Data provided:
———
lemma ray_maximizer_gain_on_convex:
  assumes "convex K" "K \<subseteq> pos_orthant" and x: "x \<in> K" and ts: "ray_maximizer u x e ts"
    and xe: "x + ts *\<^sub>R e \<in> K"
    and M: "\<And>z. z \<in> K \<Longrightarrow> (\<Sum>i\<in>UNIV. \<Sum>j\<in>UNIV. \<bar>H z $ i $ j\<bar>) \<le> M"
    and "0 < a" "a \<le> Du x \<bullet> e" "0 < B" "M * norm e ^ 2 \<le> B"
  shows "u x + a ^ 2 / (4 * B) \<le> u (x + ts *\<^sub>R e)"
proof (rule ray_maximizer_gain[OF _ ts \<open>0 < a\<close> \<open>0 < B\<close>])
  show "x \<in> pos_orthant" using x \<open>K \<subseteq> pos_orthant\<close> by blast
  fix t assume t: "0 \<le> t" "t \<le> ts"
  have "Du x \<bullet> e - M * norm e ^ 2 * t \<le> Du (x + t *\<^sub>R e) \<bullet> e"
    using directional_derivative_lower_bound[OF \<open>convex K\<close> \<open>K \<subseteq> pos_orthant\<close> x xe t M] .
  moreover have "M * norm e ^ 2 * t \<le> B * t" using \<open>M * norm e ^ 2 \<le> B\<close> t(1) by (rule mult_right_mono)
  ultimately show "a - B * t \<le> Du (x + t *\<^sub>R e) \<bullet> e" using \<open>a \<le> Du x \<bullet> e\<close> by linarith
qed

end

section \<open>Trades\<close>

definition attainable :: "(real^'g::finite \<Rightarrow> real) \<Rightarrow> real^'g \<Rightarrow> real^'g \<Rightarrow> (real^'g) set" where
  "attainable v x0 T = {z \<in> pos_orthant. v x0 \<le> v z \<and> (\<forall>k. z $ k \<le> T $ k)}"

lemma attainable_subset: "attainable v x0 T \<subseteq> pos_orthant"
  by (auto simp: attainable_def)

lemma component_le_sum_pos_orthant:
  assumes "finite A" "i \<in> A" "\<And>l. l \<in> A \<Longrightarrow> y l \<in> pos_orthant"
  shows "y i $ k \<le> (\<Sum>l\<in>A. y l) $ k"
  unfolding sum_component using assms
  by (intro member_le_sum) (auto simp: pos_orthant_def intro: less_imp_le)

context utility
begin

lemma convex_attainable: "convex (attainable u x0 T)"
proof (rule convexI)
  fix x y :: "real^'g" and a b :: real
  assume x: "x \<in> attainable u x0 T" and y: "y \<in> attainable u x0 T"
    and ab: "0 \<le> a" "0 \<le> b" "a + b = 1"
  have X: "x \<in> pos_orthant" "y \<in> pos_orthant" using x y by (auto simp: attainable_def)
  have "u x0 = a * u x0 + b * u x0" using ab(3) by (simp flip: distrib_right)
  also have "\<dots> \<le> a * u x + b * u y"
    using x y ab by (intro add_mono mult_left_mono) (auto simp: attainable_def)
  also have "\<dots> \<le> u (a *\<^sub>R x + b *\<^sub>R y)"
  proof -
    have "a = 1 - b" "b \<le> 1" using ab by linarith+
    then show ?thesis using concave_onD[OF concave, of b x y] X ab(2) by simp
  qed
  finally have "u x0 \<le> u (a *\<^sub>R x + b *\<^sub>R y)" .
  moreover have "a * x $ k + b * y $ k \<le> T $ k" for k
    using x y by (intro convex_bound_le ab) (simp_all add: attainable_def)
  ultimately show "a *\<^sub>R x + b *\<^sub>R y \<in> attainable u x0 T"
    using convexD[OF convex_pos_orthant X ab] by (auto simp: attainable_def)
qed

lemma compact_attainable:
  assumes "x0 \<in> pos_orthant"
  shows "compact (attainable u x0 T)"
proof -
  have "attainable u x0 T = {z \<in> pos_orthant. u x0 \<le> u z} \<inter> (\<Inter>k. {z. z $ k \<le> T $ k})"
    by (auto simp: attainable_def)
  then have "closed (attainable u x0 T)"
    by (simp only:) (intro closed_Int closed_upper_level[OF assms] closed_INT ballI closed_halfspace_component_le_cart)
  moreover have "bounded (attainable u x0 T)"
  proof -
    have "norm z \<le> (\<Sum>k\<in>UNIV. T $ k)" if "z \<in> attainable u x0 T" for z
    proof -
      have "\<bar>z $ k\<bar> \<le> T $ k" for k
      proof -
        have "0 < z $ k" "z $ k \<le> T $ k" using that by (simp_all add: attainable_def pos_orthant_def)
        then show ?thesis by simp
      qed
      then have "(\<Sum>k\<in>UNIV. \<bar>z $ k\<bar>) \<le> (\<Sum>k\<in>UNIV. T $ k)" by (intro sum_mono)
      then show ?thesis using norm_le_l1_cart[of z] by linarith
    qed
    then show ?thesis unfolding bounded_iff by blast
  qed
  ultimately show ?thesis by (simp add: compact_eq_bounded_closed)
qed

lemma budget_le_of_utility_le:
  assumes "z \<in> pos_orthant" "x \<in> pos_orthant" "\<And>j. j \<noteq> g0 \<Longrightarrow> thr g0 Du z j = p j"
    and "u z \<le> u x"
  shows "budget g0 p z \<le> budget g0 p x"
proof -
  have "0 \<le> Du z $ g0 * (budget g0 p x - budget g0 p z)" using le_budget[OF assms(1-3)] assms(4) by linarith
  then show ?thesis using Du_pos[OF assms(1), of g0] by (simp add: zero_le_mult_iff)
qed

lemma budget_less_of_utility_less:
  assumes "z \<in> pos_orthant" "x \<in> pos_orthant" "\<And>j. j \<noteq> g0 \<Longrightarrow> thr g0 Du z j = p j"
    and "u z < u x"
  shows "budget g0 p z < budget g0 p x"
proof -
  have "0 < Du z $ g0 * (budget g0 p x - budget g0 p z)" using le_budget[OF assms(1-3)] assms(4) by linarith
  then show ?thesis using Du_pos[OF assms(1), of g0] by (simp add: zero_less_mult_iff)
qed

end

lemma thr_gap_of_no_trade:
  assumes "\<not> trade_available X u Du g0 m \<delta> s"
    and "i1 \<in> {1..m}" "i2 \<in> {1..m}" "j \<noteq> g0" "0 < s i1 $ j"
  shows "thr g0 (Du i2) (s i2) j - \<delta> i2 j < thr g0 (Du i1) (s i1) j + \<delta> i1 j"
proof (rule ccontr)
  assume "\<not> ?thesis"
  then have "trade_step X u Du g0 m \<delta> s (let \<xi> = min (xi_plus X (u i1) g0 j (s i1) (thr g0 (Du i1) (s i1) j + \<delta> i1 j))
                   (xi_minus X (u i2) g0 j (s i2) (thr g0 (Du i1) (s i1) j + \<delta> i1 j))
       in s(i1 := s i1 + \<xi> *\<^sub>R dirv g0 j (thr g0 (Du i1) (s i1) j + \<delta> i1 j),
            i2 := s i2 - \<xi> *\<^sub>R dirv g0 j (thr g0 (Du i1) (s i1) j + \<delta> i1 j)))"
    unfolding trade_step_def using assms(2-5) by (intro exI[of _ i1] exI[of _ i2] exI[of _ j]) auto
  then show False using assms(1) unfolding trade_available_def by blast
qed

locale economy =
  fixes u :: "nat \<Rightarrow> real^'g::finite \<Rightarrow> real" and Du :: "nat \<Rightarrow> real^'g \<Rightarrow> real^'g"
    and H :: "nat \<Rightarrow> real^'g \<Rightarrow> real^'g^'g" and g0 :: 'g and m :: nat
  assumes agent_utility: "i \<in> {1..m} \<Longrightarrow> utility (u i) (Du i) (H i)"
begin

lemma trade_step_cases:
  assumes s: "\<And>i. i \<in> {1..m} \<Longrightarrow> s i \<in> pos_orthant"
    and \<delta>: "\<And>i j. i \<in> {1..m} \<Longrightarrow> j \<noteq> g0 \<Longrightarrow> 0 < \<delta> i j"
    and "trade_step pos_orthant u Du g0 m \<delta> s s'"
  obtains i1 i2 j \<pi> \<xi>p \<xi>m where "i1 \<in> {1..m}" "i2 \<in> {1..m}" "i1 \<noteq> i2" "j \<noteq> g0" "0 < \<pi>"
    "thr g0 (Du i1) (s i1) j + \<delta> i1 j \<le> \<pi>" "\<pi> \<le> thr g0 (Du i2) (s i2) j - \<delta> i2 j"
    "ray_maximizer (u i1) (s i1) (dirv g0 j \<pi>) \<xi>p"
    "ray_maximizer (u i2) (s i2) (- dirv g0 j \<pi>) \<xi>m"
    "s' = s(i1 := s i1 + min \<xi>p \<xi>m *\<^sub>R dirv g0 j \<pi>, i2 := s i2 + min \<xi>p \<xi>m *\<^sub>R (- dirv g0 j \<pi>))"
proof -
  obtain i1 i2 j \<pi> where i: "i1 \<in> {1..m}" "i2 \<in> {1..m}" "j \<noteq> g0"
    and thr: "thr g0 (Du i1) (s i1) j + \<delta> i1 j \<le> \<pi>" "\<pi> \<le> thr g0 (Du i2) (s i2) j - \<delta> i2 j"
    and s': "s' = s(i1 := s i1 + min (xi_plus pos_orthant (u i1) g0 j (s i1) \<pi>) (xi_minus pos_orthant (u i2) g0 j (s i2) \<pi>) *\<^sub>R dirv g0 j \<pi>,
                   i2 := s i2 - min (xi_plus pos_orthant (u i1) g0 j (s i1) \<pi>) (xi_minus pos_orthant (u i2) g0 j (s i2) \<pi>) *\<^sub>R dirv g0 j \<pi>)"
    using assms(3) unfolding trade_step_def Let_def by blast
  have "0 < \<delta> i1 j" "0 < \<delta> i2 j" using \<delta> i by auto
  then have "i1 \<noteq> i2" using thr by auto
  have "0 < thr g0 (Du i1) (s i1) j" using utility.thr_pos[OF agent_utility[OF i(1)] s[OF i(1)]] .
  then have "0 < \<pi>" using thr \<open>0 < \<delta> i1 j\<close> by linarith
  have "ray_maximizer (u i1) (s i1) (dirv g0 j \<pi>) (xi_plus pos_orthant (u i1) g0 j (s i1) \<pi>)"
    unfolding xi_plus_def using i s by (intro utility.ray_maximizer_exists[OF agent_utility, of _ _ _ j]) (auto simp: dirv_nth)
  moreover have "ray_maximizer (u i2) (s i2) (- dirv g0 j \<pi>) (xi_minus pos_orthant (u i2) g0 j (s i2) \<pi>)"
    unfolding xi_minus_eq_arg_max using i s \<open>0 < \<pi>\<close>
    by (intro utility.ray_maximizer_exists[OF agent_utility, of _ _ _ g0]) (auto simp: dirv_nth)
  ultimately show ?thesis
    using that[OF i(1,2) \<open>i1 \<noteq> i2\<close> i(3) \<open>0 < \<pi>\<close> thr] s' by simp
qed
———
Exercise aim:
From the records, copy out each line that includes the string "finite".

Solution to this task:
definition attainable :: "(real^'g::finite \<Rightarrow> real) \<Rightarrow> real^'g \<Rightarrow> real^'g \<Rightarrow> (real^'g) set" where
  assumes "finite A" "i \<in> A" "\<And>l. l \<in> A \<Longrightarrow> y l \<in> pos_orthant"
  fixes u :: "nat \<Rightarrow> real^'g::finite \<Rightarrow> real" and Du :: "nat \<Rightarrow> real^'g \<Rightarrow> real^'g"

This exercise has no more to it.